┌────────

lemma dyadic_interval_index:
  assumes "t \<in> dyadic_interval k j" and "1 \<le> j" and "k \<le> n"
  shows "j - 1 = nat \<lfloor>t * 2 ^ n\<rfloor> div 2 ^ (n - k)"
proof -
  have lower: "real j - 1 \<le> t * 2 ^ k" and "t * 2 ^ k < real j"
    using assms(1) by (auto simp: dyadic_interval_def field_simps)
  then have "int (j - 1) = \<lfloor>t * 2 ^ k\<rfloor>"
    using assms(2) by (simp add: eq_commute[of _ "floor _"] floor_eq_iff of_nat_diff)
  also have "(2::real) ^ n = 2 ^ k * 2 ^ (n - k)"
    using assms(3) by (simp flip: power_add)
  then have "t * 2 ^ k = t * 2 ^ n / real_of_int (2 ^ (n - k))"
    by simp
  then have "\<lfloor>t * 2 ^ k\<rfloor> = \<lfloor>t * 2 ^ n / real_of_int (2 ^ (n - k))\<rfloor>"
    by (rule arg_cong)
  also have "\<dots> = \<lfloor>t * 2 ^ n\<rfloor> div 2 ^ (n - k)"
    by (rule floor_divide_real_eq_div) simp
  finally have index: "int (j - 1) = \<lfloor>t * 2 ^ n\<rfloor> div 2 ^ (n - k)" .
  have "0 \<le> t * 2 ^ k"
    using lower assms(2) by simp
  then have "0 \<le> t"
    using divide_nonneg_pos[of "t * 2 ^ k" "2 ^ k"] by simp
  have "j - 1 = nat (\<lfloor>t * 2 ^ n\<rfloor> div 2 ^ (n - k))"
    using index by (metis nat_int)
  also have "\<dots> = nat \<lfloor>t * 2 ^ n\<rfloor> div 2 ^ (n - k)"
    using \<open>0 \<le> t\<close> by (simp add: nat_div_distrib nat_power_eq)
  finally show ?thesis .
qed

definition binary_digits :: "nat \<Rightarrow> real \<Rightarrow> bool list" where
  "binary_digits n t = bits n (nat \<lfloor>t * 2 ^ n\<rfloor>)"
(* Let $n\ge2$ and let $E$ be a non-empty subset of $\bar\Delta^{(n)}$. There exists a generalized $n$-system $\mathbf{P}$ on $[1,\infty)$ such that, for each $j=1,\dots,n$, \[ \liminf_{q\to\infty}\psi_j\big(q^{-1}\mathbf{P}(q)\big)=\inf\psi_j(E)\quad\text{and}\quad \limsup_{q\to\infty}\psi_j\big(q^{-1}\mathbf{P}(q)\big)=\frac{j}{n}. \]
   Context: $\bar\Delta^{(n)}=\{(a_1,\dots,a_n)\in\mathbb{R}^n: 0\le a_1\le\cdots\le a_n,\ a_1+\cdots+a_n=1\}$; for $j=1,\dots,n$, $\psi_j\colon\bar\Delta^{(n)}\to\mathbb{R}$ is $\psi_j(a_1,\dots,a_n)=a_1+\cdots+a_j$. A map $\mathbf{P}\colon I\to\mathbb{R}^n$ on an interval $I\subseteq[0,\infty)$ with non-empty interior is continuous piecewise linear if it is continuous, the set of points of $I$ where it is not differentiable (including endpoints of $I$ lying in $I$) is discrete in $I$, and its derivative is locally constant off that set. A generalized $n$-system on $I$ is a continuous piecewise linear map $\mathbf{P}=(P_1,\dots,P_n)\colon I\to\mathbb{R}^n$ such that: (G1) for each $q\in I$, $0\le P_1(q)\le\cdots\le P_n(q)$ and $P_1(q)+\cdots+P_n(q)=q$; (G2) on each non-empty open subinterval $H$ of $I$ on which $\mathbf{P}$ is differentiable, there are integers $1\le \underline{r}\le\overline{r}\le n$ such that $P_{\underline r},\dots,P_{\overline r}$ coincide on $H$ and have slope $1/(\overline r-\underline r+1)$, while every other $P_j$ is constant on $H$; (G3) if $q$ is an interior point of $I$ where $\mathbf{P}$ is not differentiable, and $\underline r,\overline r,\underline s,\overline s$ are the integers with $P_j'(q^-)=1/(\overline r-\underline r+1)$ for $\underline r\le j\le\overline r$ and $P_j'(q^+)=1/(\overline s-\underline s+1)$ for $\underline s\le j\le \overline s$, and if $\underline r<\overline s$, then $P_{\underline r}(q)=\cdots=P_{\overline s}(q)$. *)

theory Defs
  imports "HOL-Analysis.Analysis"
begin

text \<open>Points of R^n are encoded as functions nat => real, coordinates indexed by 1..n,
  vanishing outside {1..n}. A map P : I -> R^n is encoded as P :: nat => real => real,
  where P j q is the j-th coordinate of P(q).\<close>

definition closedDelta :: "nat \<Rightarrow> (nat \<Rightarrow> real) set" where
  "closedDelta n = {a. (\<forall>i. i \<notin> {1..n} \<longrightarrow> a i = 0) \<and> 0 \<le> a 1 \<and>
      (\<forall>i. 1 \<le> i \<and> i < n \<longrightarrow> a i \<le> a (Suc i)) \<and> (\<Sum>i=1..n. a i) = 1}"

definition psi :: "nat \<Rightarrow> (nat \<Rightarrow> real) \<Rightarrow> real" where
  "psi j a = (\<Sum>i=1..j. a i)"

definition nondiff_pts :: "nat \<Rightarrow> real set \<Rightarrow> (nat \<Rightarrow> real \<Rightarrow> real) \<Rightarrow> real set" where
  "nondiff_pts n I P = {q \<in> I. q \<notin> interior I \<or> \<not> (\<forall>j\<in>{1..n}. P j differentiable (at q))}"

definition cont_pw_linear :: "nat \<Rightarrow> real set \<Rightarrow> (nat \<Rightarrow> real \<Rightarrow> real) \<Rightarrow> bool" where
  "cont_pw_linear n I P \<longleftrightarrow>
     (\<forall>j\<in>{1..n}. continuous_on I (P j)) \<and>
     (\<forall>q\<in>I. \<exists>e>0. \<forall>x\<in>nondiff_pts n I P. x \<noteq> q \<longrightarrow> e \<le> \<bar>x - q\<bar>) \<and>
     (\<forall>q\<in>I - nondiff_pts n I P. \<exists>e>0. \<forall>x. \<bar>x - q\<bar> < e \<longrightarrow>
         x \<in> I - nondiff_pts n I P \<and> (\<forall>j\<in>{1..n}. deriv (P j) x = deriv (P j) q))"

└────────

Please return exactly the lines that run from the line with "(nat \<Rightarrow> real) \<Rightarrow>" through the end of the records above, both included, and nothing more.

definition psi :: "nat \<Rightarrow> (nat \<Rightarrow> real) \<Rightarrow> real" where
  "psi j a = (\<Sum>i=1..j. a i)"

definition nondiff_pts :: "nat \<Rightarrow> real set \<Rightarrow> (nat \<Rightarrow> real \<Rightarrow> real) \<Rightarrow> real set" where
  "nondiff_pts n I P = {q \<in> I. q \<notin> interior I \<or> \<not> (\<forall>j\<in>{1..n}. P j differentiable (at q))}"

definition cont_pw_linear :: "nat \<Rightarrow> real set \<Rightarrow> (nat \<Rightarrow> real \<Rightarrow> real) \<Rightarrow> bool" where
  "cont_pw_linear n I P \<longleftrightarrow>
     (\<forall>j\<in>{1..n}. continuous_on I (P j)) \<and>
     (\<forall>q\<in>I. \<exists>e>0. \<forall>x\<in>nondiff_pts n I P. x \<noteq> q \<longrightarrow> e \<le> \<bar>x - q\<bar>) \<and>
     (\<forall>q\<in>I - nondiff_pts n I P. \<exists>e>0. \<forall>x. \<bar>x - q\<bar> < e \<longrightarrow>
         x \<in> I - nondiff_pts n I P \<and> (\<forall>j\<in>{1..n}. deriv (P j) x = deriv (P j) q))"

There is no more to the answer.